lemma gaussian_fourier_real:
  fixes e z :: real
  assumes e: "e > 0"
  shows "integrable lborel (\<lambda>s. exp (- (\<i> * complex_of_real (s * z)) - complex_of_real (e\<^sup>2 / 2 * s\<^sup>2)))"
    and "(\<integral>s. exp (- (\<i> * complex_of_real (s * z)) - complex_of_real (e\<^sup>2 / 2 * s\<^sup>2)) \<partial>lborel)
          = complex_of_real (sqrt (2*pi) / e * exp (- (z\<^sup>2) / (2 * e\<^sup>2)))"
proof -
  define t where "t = - z / e"
  define h where "h x = complex_of_real (std_normal_density x) * exp (\<i> * complex_of_real (t * x))" for x
  have hint: "integrable lborel h"
    unfolding h_def by (rule integrable_std_normal_char)
  have rescale: "exp (- (\<i> * complex_of_real (s * z)) - complex_of_real (e\<^sup>2 / 2 * s\<^sup>2))
        = complex_of_real (sqrt (2*pi)) * h (0 + e * s)" for s
  proof -
    have "complex_of_real (exp (- (e * s)\<^sup>2 / 2)) * exp (\<i> * complex_of_real (t * (e * s)))
        = exp (- (\<i> * complex_of_real (s * z)) - complex_of_real (e\<^sup>2 / 2 * s\<^sup>2))"
      using e unfolding t_def
      by (simp add: exp_of_real[symmetric] exp_add[symmetric] field_simps power2_eq_square)
    then show ?thesis
      unfolding h_def std_normal_density_def by (simp add: field_simps)
  qed
  show "integrable lborel (\<lambda>s. exp (- (\<i> * complex_of_real (s * z)) - complex_of_real (e\<^sup>2 / 2 * s\<^sup>2)))"
    unfolding rescale using lborel_integrable_real_affine[OF hint, of e 0] e by simp
  have "(\<integral>x. h x \<partial>lborel) = \<bar>e\<bar> *\<^sub>R (\<integral>s. h (0 + e * s) \<partial>lborel)"
    using lborel_integral_real_affine[of e h 0] e by simp
  then have "(\<integral>s. h (0 + e * s) \<partial>lborel) = complex_of_real (exp (- (t^2) / 2) / e)"
    using e integral_std_normal_char[of t] by (simp add: h_def scaleR_conv_of_real field_simps)
  then show "(\<integral>s. exp (- (\<i> * complex_of_real (s * z)) - complex_of_real (e\<^sup>2 / 2 * s\<^sup>2)) \<partial>lborel)
          = complex_of_real (sqrt (2*pi) / e * exp (- (z\<^sup>2) / (2 * e\<^sup>2)))"
    unfolding rescale using e by (simp add: t_def power_divide field_simps)
qed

◆ Exercise objective:
Return, from the material above, each line holding the string "hint".

◆ Reply:
  have hint: "integrable lborel h"
    unfolding rescale using lborel_integrable_real_affine[OF hint, of e 0] e by simp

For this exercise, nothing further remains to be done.